Our initial data isn’t too bad, but it is certainly not tidy. We’ll address this by dropping the empty row, renaming our columns, and pivoting the dataset longer to “flatten” it.

# Drop empty row, rename columns, fill empty cells, and pivot into long format

df <- df |> 
  slice(-3) |> 
  rename("airline" = "X", "flight_status" = "X.1") |> 
  fill(airline) |> 
  rename_with(~ str_to_lower(str_replace(.x, "\\.", "_")), .cols = 3:7) |> 
  pivot_longer(3:7, names_to = "city", values_to = "flight_count") |> 
  arrange(desc(flight_count))

kable(df)
airline flight_status city flight_count
AM WEST on time phoenix 4840
ALASKA on time seattle 1841
AM WEST on time los_angeles 694
ALASKA on time san_francisco 503
ALASKA on time los_angeles 497
AM WEST delayed phoenix 415
AM WEST on time san_diego 383
AM WEST on time san_francisco 320
ALASKA delayed seattle 305
ALASKA on time phoenix 221
ALASKA on time san_diego 212
AM WEST on time seattle 201
AM WEST delayed san_francisco 129
AM WEST delayed los_angeles 117
ALASKA delayed san_francisco 102
AM WEST delayed san_diego 65
ALASKA delayed los_angeles 62
AM WEST delayed seattle 61
ALASKA delayed san_diego 20
ALASKA delayed phoenix 12

We now have a nice, flat, long formatted and tidy data set. We can now do some analysis!

Analysis

Let’s answer some basic questions.

We’ll start with a general overview of our data. Since it is a simple data set, we can visualize most of the features in one plot.

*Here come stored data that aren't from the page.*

lemma upper_in_rcoset_S1_mult_w2:
  fixes x y z e y' z' :: int
  assumes "x > 0" "z > 0" "odd x" "x * z = n" and gcd: "gcd x (gcd y z) = 1"
    and y: "y = e * y'" and z: "z = e * z'" and "e > 0" "coprime y' z'" "odd z'"
  shows "\<exists>\<gamma>2\<in>S1 n. imat x y 0 z \<in> rcoset_G (\<gamma>2 ** w2)"
proof -
  have a: "z = e * z'" and c: "-2*y = e * (-2*y')"
    by (simp_all add: y z)
  have "coprime z' (-2*y')"
    using \<open>coprime y' z'\<close> \<open>odd z'\<close> by (simp add: coprime_commute)
  have prim: "int_matrix_primitive z 0 (-2*y) x"
    by (rule int_matrix_primitive_if_dvd_doubles[OF gcd]) (use \<open>odd x\<close> in auto)
  have det: "z * x - 0 * (-2*y) = n" and "n > 0"
    using \<open>x * z = n\<close> \<open>x > 0\<close> \<open>z > 0\<close> by (auto simp: mult.commute)
  obtain h Y Z where h: "h \<in> Gamma0_2" and B: "imat z 0 (-2*y) x = h ** imat e Y 0 Z"
    and "e * Z = n" "0 \<le> Y" "Y < Z" "gcd e (gcd Y Z) = 1"
    using Gamma0_2_upper_decomposition[OF a c \<open>coprime z' (-2*y')\<close> _ \<open>e > 0\<close> det \<open>n > 0\<close> prim]
    by auto
  have "e * Z = e * (x * z')"
    using \<open>e * Z = n\<close> \<open>x * z = n\<close> by (simp add: z algebra_simps)
  then have "Z = x * z'"
    using \<open>e > 0\<close> by simp
  then have "imat e Y 0 Z \<in> S1 n"
    using \<open>e * Z = n\<close> \<open>0 \<le> Y\<close> \<open>Y < Z\<close> \<open>gcd e (gcd Y Z) = 1\<close> \<open>e > 0\<close> \<open>odd x\<close> \<open>odd z'\<close>
    by (intro imat_in_S1) auto
  moreover have "imat x y 0 z = (w2 ** - h) ** (imat e Y 0 Z ** w2)"
  proof -
    have "imat x y 0 z = - ((imat x y 0 z ** w2) ** w2)"
      by (simp add: matrix_mul_assoc[symmetric] w2_w2 matrix_mult_uminus)
    also have "\<dots> = - (w2 ** (h ** imat e Y 0 Z) ** w2)"
      by (simp only: upper_mult_w2_eq_w2_mult B)
    also have "\<dots> = (w2 ** - h) ** (imat e Y 0 Z ** w2)"
      by (simp add: matrix_mul_assoc uminus_matrix_mult matrix_mult_uminus)
    finally show ?thesis .
  qed
  moreover have "w2 ** - h \<in> Gamma0_2_plus"
    using h by (intro Gamma0_2_plus.mult Gamma0_2_plus.gen_w Gamma0_2_plus.gen_G Gamma0_2_uminus)
  ultimately show ?thesis
    using rcoset_GI by metis
qed

lemma upper_in_rcoset_S2_mult_w2:
  fixes x y z e y' z' :: int
  assumes "x > 0" "z > 0" "odd x" "x * z = n" and gcd: "gcd x (gcd y z) = 1"
    and y: "y = e * y'" and z: "z = e * z'" and "e > 0" "coprime y' z'" "even z'"
  shows "\<exists>\<gamma>2\<in>S2 n. imat x y 0 z \<in> rcoset_G (\<gamma>2 ** w2)"
proof -
  have a: "2*y = (2*e) * y'" and c: "2*z = (2*e) * z'" and "2*e > 0"
    using \<open>e > 0\<close> by (simp_all add: y z)
  have prim: "int_matrix_primitive (2*y) (-x) (2*z) 0"
    by (rule int_matrix_primitive_if_dvd_doubles[OF gcd]) (use \<open>odd x\<close> in auto)
  have det: "2*y * 0 - (-x) * (2*z) = 2 * n" and "2 * n > 0"
    using \<open>x * z = n\<close> \<open>x > 0\<close> \<open>z > 0\<close> by auto
  obtain h Y Z where h: "h \<in> Gamma0_2" and B: "imat (2*y) (-x) (2*z) 0 = h ** imat (2*e) Y 0 Z"
    and "2 * e * Z = 2 * n" "0 \<le> Y" "Y < Z" "gcd (2*e) (gcd Y Z) = 1"
    using Gamma0_2_upper_decomposition[OF a c \<open>coprime y' z'\<close> \<open>even z'\<close> \<open>2*e > 0\<close> det \<open>2 * n > 0\<close> prim]
    by auto
  define \<gamma>2 where "\<gamma>2 = (1 / sqrt 2) *\<^sub>R imat (2*e) Y 0 Z"
  have "e * Z = n"
    using \<open>2 * e * Z = 2 * n\<close> by simp
  then have "e * Z = e * (x * z')"
    using \<open>x * z = n\<close> by (simp add: z algebra_simps)
  then have "Z = x * z'"
    using \<open>e > 0\<close> by simp
  then have "\<gamma>2 \<in> S2 n"
    unfolding \<gamma>2_def using \<open>2 * e * Z = 2 * n\<close> \<open>0 \<le> Y\<close> \<open>Y < Z\<close> \<open>gcd (2*e) (gcd Y Z) = 1\<close> \<open>e > 0\<close> \<open>even z'\<close>
    by (intro scaled_imat_in_S2) auto
  moreover have "imat x y 0 z = (- h) ** (\<gamma>2 ** w2)"
  proof -
    have "imat x y 0 z = - ((imat x y 0 z ** w2) ** w2)"
      by (simp add: matrix_mul_assoc[symmetric] w2_w2 matrix_mult_uminus)
    also have "\<dots> = - ((h ** \<gamma>2) ** w2)"
      by (simp only: upper_mult_w2 B \<gamma>2_def scalar_matrix_assoc matrix_scalar_ac)
    also have "\<dots> = (- h) ** (\<gamma>2 ** w2)"
      by (simp add: matrix_mul_assoc uminus_matrix_mult)
    finally show ?thesis .
  qed
  moreover have "- h \<in> Gamma0_2_plus"
    using h by (intro Gamma0_2_plus.gen_G Gamma0_2_uminus)
  ultimately show ?thesis
    using rcoset_GI by metis
qed

lemma M1_in_rcoset_M2_mult_w2:
  assumes "\<gamma> \<in> M1 n"
  shows "\<exists>\<gamma>2\<in>M2 n. \<gamma> \<in> rcoset_G (\<gamma>2 ** w2)"
proof -
  obtain x y z where \<gamma>: "\<gamma> = imat x y 0 z" and "x > 0" "z > 0" "x * z = n"
    and gcd: "gcd x (gcd y z) = 1" and "odd x"
    using assms unfolding M1_def by auto
  define e where "e = gcd y z"
  have "e > 0"
    using \<open>z > 0\<close> by (simp add: e_def)
  obtain y' z' where "y = y' * e" "z = z' * e" "coprime y' z'"
    using gcd_coprime_exists[of y z] \<open>e > 0\<close> unfolding e_def by auto
  then have y: "y = e * y'" and z: "z = e * z'"
    by simp_all
  note upper = \<open>x > 0\<close> \<open>z > 0\<close> \<open>odd x\<close> \<open>x * z = n\<close> gcd y z \<open>e > 0\<close> \<open>coprime y' z'\<close>
  show ?thesis
  proof (cases "even z'")
    case True
    then show ?thesis
      using upper_in_rcoset_S2_mult_w2[OF upper] by (auto simp: \<gamma> M2_def)
  next
    case False
    then show ?thesis
      using upper_in_rcoset_S1_mult_w2[OF upper] by (auto simp: \<gamma> M2_def)
  qed
qed

theorem lemma2p7:
  fixes m :: int
  assumes "m > 0" and "even m"
  shows "(\<Union>\<gamma>\<in>M1 m. rcoset_G \<gamma>) = (\<Union>\<gamma>\<in>M2 m. rcoset_G (\<gamma> ** w2))"
proof (intro equalityI UN_least)
  fix \<gamma> assume "\<gamma> \<in> M1 m"
  then obtain \<gamma>2 where "\<gamma>2 \<in> M2 m" "\<gamma> \<in> rcoset_G (\<gamma>2 ** w2)"
    using M1_in_rcoset_M2_mult_w2 by blast
  then show "rcoset_G \<gamma> \<subseteq> (\<Union>\<gamma>\<in>M2 m. rcoset_G (\<gamma> ** w2))"
    using rcoset_G_subset by blast
next
  fix \<gamma> assume "\<gamma> \<in> M2 m"
  then obtain \<gamma>1 where "\<gamma>1 \<in> M1 m" "\<gamma> ** w2 \<in> rcoset_G \<gamma>1"
    using S1_mult_w2_in_rcoset_M1 S2_mult_w2_in_rcoset_M1 unfolding M2_def by blast
  then show "rcoset_G (\<gamma> ** w2) \<subseteq> (\<Union>\<gamma>\<in>M1 m. rcoset_G \<gamma>)"
    using rcoset_G_subset by blast
qed

end
lemma has_vector_derivative_scaleR_vanishing_near_0:
  fixes g :: "real \<Rightarrow> complex"
  assumes g: "\<And>x. (g has_vector_derivative g' x) (at x)"
    and vanish: "\<And>x. \<bar>x\<bar> \<le> a \<Longrightarrow> g x = 0" and a: "a > 0"
    and r: "\<And>x. x \<noteq> 0 \<Longrightarrow> (r has_real_derivative r' x) (at x)"
  shows "((\<lambda>p. r p *\<^sub>R g p) has_vector_derivative (r x *\<^sub>R g' x + r' x *\<^sub>R g x)) (at x)"
proof (cases "x = 0")
  case True
  have "g' 0 = 0"
    using vector_derivative_unique_at[OF g has_vector_derivative_vanishing_near_0[OF vanish a]] .
  moreover have "((\<lambda>p. r p *\<^sub>R g p) has_vector_derivative 0) (at 0)"
    using vanish a by (intro has_vector_derivative_vanishing_near_0) auto
  ultimately show ?thesis using True vanish[of 0] a by simp
qed (intro has_vector_derivative_scaleR r g)

lemma continuous_on_scaleR_vanishing_near_0:
  fixes g :: "real \<Rightarrow> complex"
  assumes g: "continuous_on UNIV g" and vanish: "\<And>x. \<bar>x\<bar> \<le> a \<Longrightarrow> g x = 0" and a: "a > 0"
    and r: "continuous_on (-{0}) r"
  shows "continuous_on UNIV (\<lambda>p. r p *\<^sub>R g p)"
proof -
  have "continuous_on (-{0}) (\<lambda>p. r p *\<^sub>R g p)"
    by (intro continuous_intros r continuous_on_subset[OF g]) auto
  moreover have "continuous_on (ball 0 a) (\<lambda>p. r p *\<^sub>R g p)"
    using vanish by (subst continuous_on_cong[OF refl, of _ _ "\<lambda>_. 0"]) (auto simp: dist_real_def)
  moreover have "- {0} \<union> ball 0 a = (UNIV::real set)" using a by auto
  ultimately show ?thesis
    using continuous_on_open_Un[of "-{0}" "ball 0 a"] by force
qed

lemma shell_C0_scaleR:
  assumes g: "shell_C0 a b g" and a: "a > 0" and r: "continuous_on (-{0}) r"
  shows "shell_C0 a b (\<lambda>p. r p *\<^sub>R g p)"
proof -
  have "continuous_on UNIV (\<lambda>p. r p *\<^sub>R g p)"
    using g by (intro continuous_on_scaleR_vanishing_near_0[OF _ shell_C0_vanishing_near_0[OF g] a r])
      (simp add: shell_C0_def)
  then show ?thesis using g unfolding shell_C0_def by simp
qed

lemma shell_C0_add: "shell_C0 a b u \<Longrightarrow> shell_C0 a b v \<Longrightarrow> shell_C0 a b (\<lambda>p. u p + v p)"
  unfolding shell_C0_def by (metis add.right_neutral continuous_on_add)

lemma shell_C0_linear_combination:
  "shell_C0 a b u \<Longrightarrow> shell_C0 a b v \<Longrightarrow> shell_C0 a b (\<lambda>p. c * (u p - v p))"
  unfolding shell_C0_def by (metis continuous_on_diff continuous_on_mult_left diff_self mult_zero_right)

lemma shell_C1_scaleR:
  assumes g: "shell_C1 a b g g'" and a: "a > 0"
    and r: "\<And>x. x \<noteq> 0 \<Longrightarrow> (r has_real_derivative r' x) (at x)" and r': "continuous_on (-{0}) r'"
  shows "shell_C1 a b (\<lambda>p. r p *\<^sub>R g p) (\<lambda>p. r p *\<^sub>R g' p + r' p *\<^sub>R g p)"
proof -
  have C0: "shell_C0 a b g" "shell_C0 a b g'" and g_deriv: "\<And>x. (g has_vector_derivative g' x) (at x)"
    using g unfolding shell_C1_def by auto
  have "continuous_on (-{0}) r"
    using r by (intro continuous_at_imp_continuous_on ballI DERIV_isCont) auto
  then have "shell_C0 a b (\<lambda>p. r p *\<^sub>R g p)" "shell_C0 a b (\<lambda>p. r p *\<^sub>R g' p + r' p *\<^sub>R g p)"
    using C0 a r' by (auto intro!: shell_C0_add shell_C0_scaleR)
  moreover have "((\<lambda>p. r p *\<^sub>R g p) has_vector_derivative (r x *\<^sub>R g' x + r' x *\<^sub>R g x)) (at x)" for x
    using has_vector_derivative_scaleR_vanishing_near_0[OF g_deriv shell_C0_vanishing_near_0[OF C0(1)] a r] .
  ultimately show ?thesis unfolding shell_C1_def by blast
qed

lemma shell_C1_linear_combination:
  assumes "shell_C1 a b u u'" "shell_C1 a b v v'"
  shows "shell_C1 a b (\<lambda>p. c * (u p - v p)) (\<lambda>p. c * (u' p - v' p))"
  using assms unfolding shell_C1_def
  by (metis has_vector_derivative_diff has_vector_derivative_mult_right shell_C0_linear_combination)

lemma derivatives_vanish_on_open:
  fixes D :: "nat \<Rightarrow> real \<Rightarrow> complex"
  assumes U: "open U" and D0: "\<And>x. x \<in> U \<Longrightarrow> D 0 x = 0"
    and D: "\<And>n x. (D n has_vector_derivative D (Suc n) x) (at x)"
  shows "x \<in> U \<Longrightarrow> D n x = 0"
proof (induction n arbitrary: x)
  case (Suc n)
  have "(D n has_vector_derivative 0) (at x)"
    by (rule has_vector_derivative_transform_within_open[of "\<lambda>_. 0" 0 x U]) (use Suc U in auto)
  then show ?case using vector_derivative_unique_at[OF D[of n x]] by simp
qed (use D0 in simp)

lemma domT_shell_C1:
  assumes "\<phi> \<in> domT"
  obtains a b f' f'' where "0 < a" "a < b" "shell_C1 a b \<phi> f'" "shell_C1 a b f' f''"
proof -
  obtain D where D0: "D 0 = \<phi>" and D: "\<And>n x. (D n has_vector_derivative D (Suc n) x) (at x)"
    using assms unfolding domT_def smooth_fun_def by blast
  have S: "compact (supp_cl \<phi>)" "0 \<notin> supp_cl \<phi>" using assms unfolding domT_def by auto
  obtain R where R: "\<And>x. x \<in> supp_cl \<phi> \<Longrightarrow> \<bar>x\<bar> \<le> R" and "R \<ge> 0"
    using compact_imp_bounded[OF S(1)] bounded_real by (metis abs_ge_zero order.trans)
  obtain \<delta> where \<delta>: "\<delta> > 0" "ball 0 \<delta> \<subseteq> - supp_cl \<phi>"
    using open_contains_ball compact_imp_closed[OF S(1)] S(2) by (metis ComplI open_Compl)
  define U where "U = {x::real. \<bar>x\<bar> < \<delta>} \<union> {x. \<bar>x\<bar> > R}"
  have "open U" unfolding U_def by (intro open_Un open_Collect_less continuous_intros)
  moreover have "\<phi> x = 0" if "x \<in> U" for x
  proof (rule ccontr)
    assume "\<phi> x \<noteq> 0"
    then have "x \<in> supp_cl \<phi>" unfolding supp_cl_def by (simp add: closure_def)
    then show False using that R \<delta> unfolding U_def by (force simp: dist_real_def)
  qed
  ultimately have vanish: "D n x = 0" if "x \<in> U" for n x
    using derivatives_vanish_on_open[of U D, OF _ _ D that] D0 by blast
  have "shell_C0 (\<delta>/2) (R + \<delta>) (D n)" for n
    unfolding shell_C0_def
  proof
    show "continuous_on UNIV (D n)"
      using D by (intro continuous_at_imp_continuous_on ballI has_vector_derivative_continuous) auto
    show "\<forall>p. D n p \<noteq> 0 \<longrightarrow> \<delta>/2 < \<bar>p\<bar> \<and> \<bar>p\<bar> < R + \<delta>"
      using vanish \<delta>(1) unfolding U_def by force
  qed
  then have "shell_C1 (\<delta>/2) (R + \<delta>) (D n) (D (Suc n))" for n
    using D unfolding shell_C1_def by blast
  from this[of 0] this[of 1] \<delta>(1) \<open>R \<ge> 0\<close> show ?thesis
    by (intro that[of "\<delta>/2" "R + \<delta>" "D 1" "D 2"]) (simp_all add: D0 numeral_2_eq_2)
qed

text \<open>At \<open>p = 0\<close> both sides are \<open>0\<close>: the left because \<open>f\<close> vanishes near \<open>0\<close>, the right
  because \<open>1 / 0 = 0\<close>.\<close>
lemma opT_eq:
  assumes f: "\<And>x. (f has_vector_derivative f' x) (at x)" and vanish: "\<And>x. \<bar>x\<bar> \<le> a \<Longrightarrow> f x = 0"
    and a: "a > 0"
  shows "opT f = (\<lambda>p. \<i> * ((1 / p) *\<^sub>R f' p - (1 / (2 * p^2)) *\<^sub>R f p))"
proof
  fix p
  have "((\<lambda>x. (1 / (2 * x)) *\<^sub>R f x) has_vector_derivative
      ((1 / (2 * p)) *\<^sub>R f' p + (- (1 / (2 * p^2))) *\<^sub>R f p)) (at p)"
    by (rule has_vector_derivative_scaleR_vanishing_near_0[OF f vanish a])
      (auto intro!: derivative_eq_intros simp: field_simps power2_eq_square)
  then have vd: "vector_derivative (\<lambda>x. complex_of_real (1 / (2 * x)) * f x) (at p)
      = (1 / (2 * p)) *\<^sub>R f' p + (- (1 / (2 * p^2))) *\<^sub>R f p"
    by (intro vector_derivative_at) (simp add: scaleR_conv_of_real)
  then show "opT f p = \<i> * ((1 / p) *\<^sub>R f' p - (1 / (2 * p^2)) *\<^sub>R f p)"
    unfolding opT_def vd vector_derivative_at[OF f]
    by (simp add: scaleR_conv_of_real field_simps)
qed

lemma opT_eq_shell:
  assumes "shell_C1 a b f f'" and "a > 0"
  shows "opT f = (\<lambda>p. \<i> * ((1 / p) *\<^sub>R f' p - (1 / (2 * p^2)) *\<^sub>R f p))"
  using assms unfolding shell_C1_def by (intro opT_eq[OF _ shell_C0_vanishing_near_0 \<open>a > 0\<close>]) auto

lemma opT_reflect:
  assumes "shell_C1 a b f f'" and "a > 0"
  shows "opT (\<lambda>p. f (-p)) = (\<lambda>p. opT f (-p))"
  using opT_eq_shell[OF assms] opT_eq_shell[OF shell_C1_reflect[OF assms(1)] assms(2)]
  by (simp add: divide_simps)

lemma shell_C0_opT:
  assumes f: "shell_C1 a b f f'" and a: "a > 0"
  shows "shell_C0 a b (opT f)"
proof -
  have "continuous_on (-{0}) (\<lambda>p::real. 1 / p)" "continuous_on (-{0}) (\<lambda>p::real. 1 / (2 * p^2))"
    by (auto intro!: continuous_intros)
  then show ?thesis
    using f a unfolding opT_eq_shell[OF f a] shell_C1_def
    by (intro shell_C0_linear_combination shell_C0_scaleR) auto
qed

lemma shell_C1_opT:
  assumes f: "shell_C1 a b f f'" and f': "shell_C1 a b f' f''" and a: "a > 0"
  shows "\<exists>g. shell_C1 a b (opT f) g"
proof -
  have "shell_C1 a b (\<lambda>p. (1 / p) *\<^sub>R f' p) (\<lambda>p. (1 / p) *\<^sub>R f'' p + (- 1 / p^2) *\<^sub>R f' p)"
    by (rule shell_C1_scaleR[OF f' a])
      (auto intro!: derivative_eq_intros continuous_intros simp: field_simps power2_eq_square)
  moreover have "shell_C1 a b (\<lambda>p. (1 / (2 * p^2)) *\<^sub>R f p) (\<lambda>p. (1 / (2 * p^2)) *\<^sub>R f' p + (- 1 / p^3) *\<^sub>R f p)"
    by (rule shell_C1_scaleR[OF f a])
      (auto intro!: derivative_eq_intros continuous_intros simp: field_simps power2_eq_square power3_eq_cube)
  ultimately show ?thesis
    unfolding opT_eq_shell[OF f a] by (blast dest: shell_C1_linear_combination)
qed

section \<open>The transform \<open>\<phi>(t, \<alpha>)\<close>\<close>

lemma norm_psi_le: "norm (psi t \<alpha> p) \<le> sqrt \<bar>p\<bar>"
proof -
  have "norm (psi t \<alpha> p) = 1 / sqrt (2 * pi) * heaviside (\<alpha> * p) * sqrt \<bar>p\<bar>"
    unfolding psi_def norm_mult by (simp add: heaviside_def norm_divide)
  also have "\<dots> \<le> 1 * 1 * sqrt \<bar>p\<bar>"
    using pi_ge_two by (intro mult_right_mono mult_mono) (auto simp: heaviside_def)
  finally show ?thesis by simp
qed

lemma cnj_psi_nonneg:
  "p \<ge> 0 \<Longrightarrow> cnj (psi t 1 p) = complex_of_real (sqrt p / sqrt (2*pi)) * exp (\<i> * complex_of_real (t * p^2 / 2))"
  by (simp add: psi_def heaviside_def exp_cnj)

lemma continuous_on_cnj_psi_nonneg: "continuous_on {0..} (\<lambda>p. cnj (psi t 1 p))"
proof -
  have "continuous_on {0..} (\<lambda>p. complex_of_real (sqrt p / sqrt (2*pi)) * exp (\<i> * complex_of_real (t * p^2 / 2)))"
    by (intro continuous_intros) auto
  then show ?thesis by (rule continuous_on_eq) (simp add: cnj_psi_nonneg)
qed

lemma borel_measurable_phi_trans [measurable]:
  assumes [measurable]: "f \<in> borel_measurable lborel"
  shows "(\<lambda>t. phi_trans f t \<alpha>) \<in> borel_measurable lborel"
  unfolding phi_trans_def psi_def heaviside_def by measurable

lemma norm_phi_trans_le:
  assumes [measurable]: "f \<in> borel_measurable lborel"
    and int: "integrable lborel (\<lambda>p. sqrt \<bar>p\<bar> * norm (f p))"
  shows "norm (phi_trans f t \<alpha>) \<le> (\<integral>p. sqrt \<bar>p\<bar> * norm (f p) \<partial>lborel)"
proof -
  have bound: "norm (cnj (psi t \<alpha> p) * f p) \<le> sqrt \<bar>p\<bar> * norm (f p)" for p
    unfolding norm_mult complex_mod_cnj by (intro mult_right_mono norm_psi_le) simp
  have "(\<lambda>p. cnj (psi t \<alpha> p) * f p) \<in> borel_measurable lborel"
    unfolding psi_def heaviside_def by measurable
  then have "integrable lborel (\<lambda>p. cnj (psi t \<alpha> p) * f p)"
    by (rule Bochner_Integration.integrable_bound[OF int])
      (intro AE_I2, simp only: real_norm_def, rule order_trans[OF bound abs_ge_self])
  then show ?thesis
    unfolding phi_trans_def by (rule Bochner_Integration.integral_norm_bound_integral[OF _ int bound])
qed

lemma phi_trans_bounded:
  assumes f: "shell_C0 a b f"
  obtains C where "\<And>t \<alpha>. norm (phi_trans f t \<alpha>) \<le> C"
proof -
  have cont: "continuous_on UNIV f" using f unfolding shell_C0_def by blast
  then have [measurable]: "f \<in> borel_measurable lborel"
    by (simp add: borel_measurable_continuous_onI)
  have "integrable lborel (\<lambda>p. sqrt \<bar>p\<bar> * norm (f p))"
  proof (rule integrable_vanishing_outside_Icc)
    show "continuous_on {-b..b} (\<lambda>p. sqrt \<bar>p\<bar> * norm (f p))"
      by (intro continuous_intros continuous_on_subset[OF cont]) auto
    show "p \<in> {-b..b}" if "sqrt \<bar>p\<bar> * norm (f p) \<noteq> 0" for p
      using that f unfolding shell_C0_def by force
  qed
  from norm_phi_trans_le[OF _ this] show ?thesis
    by (rule that) measurable
qed

lemma phi_trans_reflect: "phi_trans f t (-1) = phi_trans (\<lambda>p. f (-p)) t 1"
  unfolding phi_trans_def
  by (subst lborel_integral_real_affine[where c="-1" and t=0]) (simp_all add: psi_def)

# Set this up so we can factor airline for our factor wrap
df |> 
  mutate() |> 

# Plot data across two facets
ggplot(
       aes(
         x = flight_count,
         y = reorder(
          str_to_title( # Make city names pretty
            str_replace_all(city, "_", " ")),
          flight_count),
         fill = flight_status)) +
  geom_bar(stat = 'identity') +
  facet_wrap(~factor(airline, c('AM WEST', 'ALASKA'))) +
  labs(
    title = "Flight data overview",
    y = "Flights",
    x = "City",
    fill = "Flight Status"
  ) + 
  scale_fill_manual(values = c('#E06565', '#0088CC')) +
  theme_minimal()

What city has the highest amount of delayed flights?

# Plot amount of delayed flights by city
df |> 
  filter(flight_status == "delayed") |> 
  group_by(city) |> 
  summarize(total_flights = sum(flight_count)) |> 
  
ggplot(aes
       (x = reorder(
          str_to_title(
            str_replace_all(city, "_", " ")),
          -total_flights),
        y = total_flights)) +
  geom_bar(stat = "identity", fill = '#E06565') +
  labs(
    title = "Delayed flights by city",
    y = "City",
    x = "Flights",
    fill = "Flight Status"
  ) +
  geom_text(aes(label = total_flights),vjust = 1.5, color = "#3b3e40" )+
  theme_minimal()

We can see that Phoenix has the highest amount of delayed flights.

What airline has the higher amount of on-time flights?

# Plot proportion of flight status by airline

df |> 
  group_by(airline, flight_status) |> 
  summarize(total_flights = sum(flight_count)) |> 
  
ggplot(aes
       (x = reorder(
          str_to_title(
            str_replace_all(airline, "_", " ")),
          -total_flights),
          fill = flight_status,
        y = total_flights)) +
  geom_col(position = "fill") +
  labs(
    title = "Flight status by airline",
    y = "Airline",
    x = "Flights (Proportion)",
    fill = "Flight Status"
  ) + 
  scale_fill_manual(values = c('#E06565', '#0088CC')) +
  theme_minimal()

Interestingly, the rate of flights on time versus delayed is actually quite similar between the airlines, despite the significant differences in airports visited and overall number of flights we observed earlier.

Conclusion

In this article we took a simple dataset, tidied it into a proper long format for data analysis, then created visualizations to explore and understand the data better.

In summary, if you’re flying to Phoenix, fly Alaska!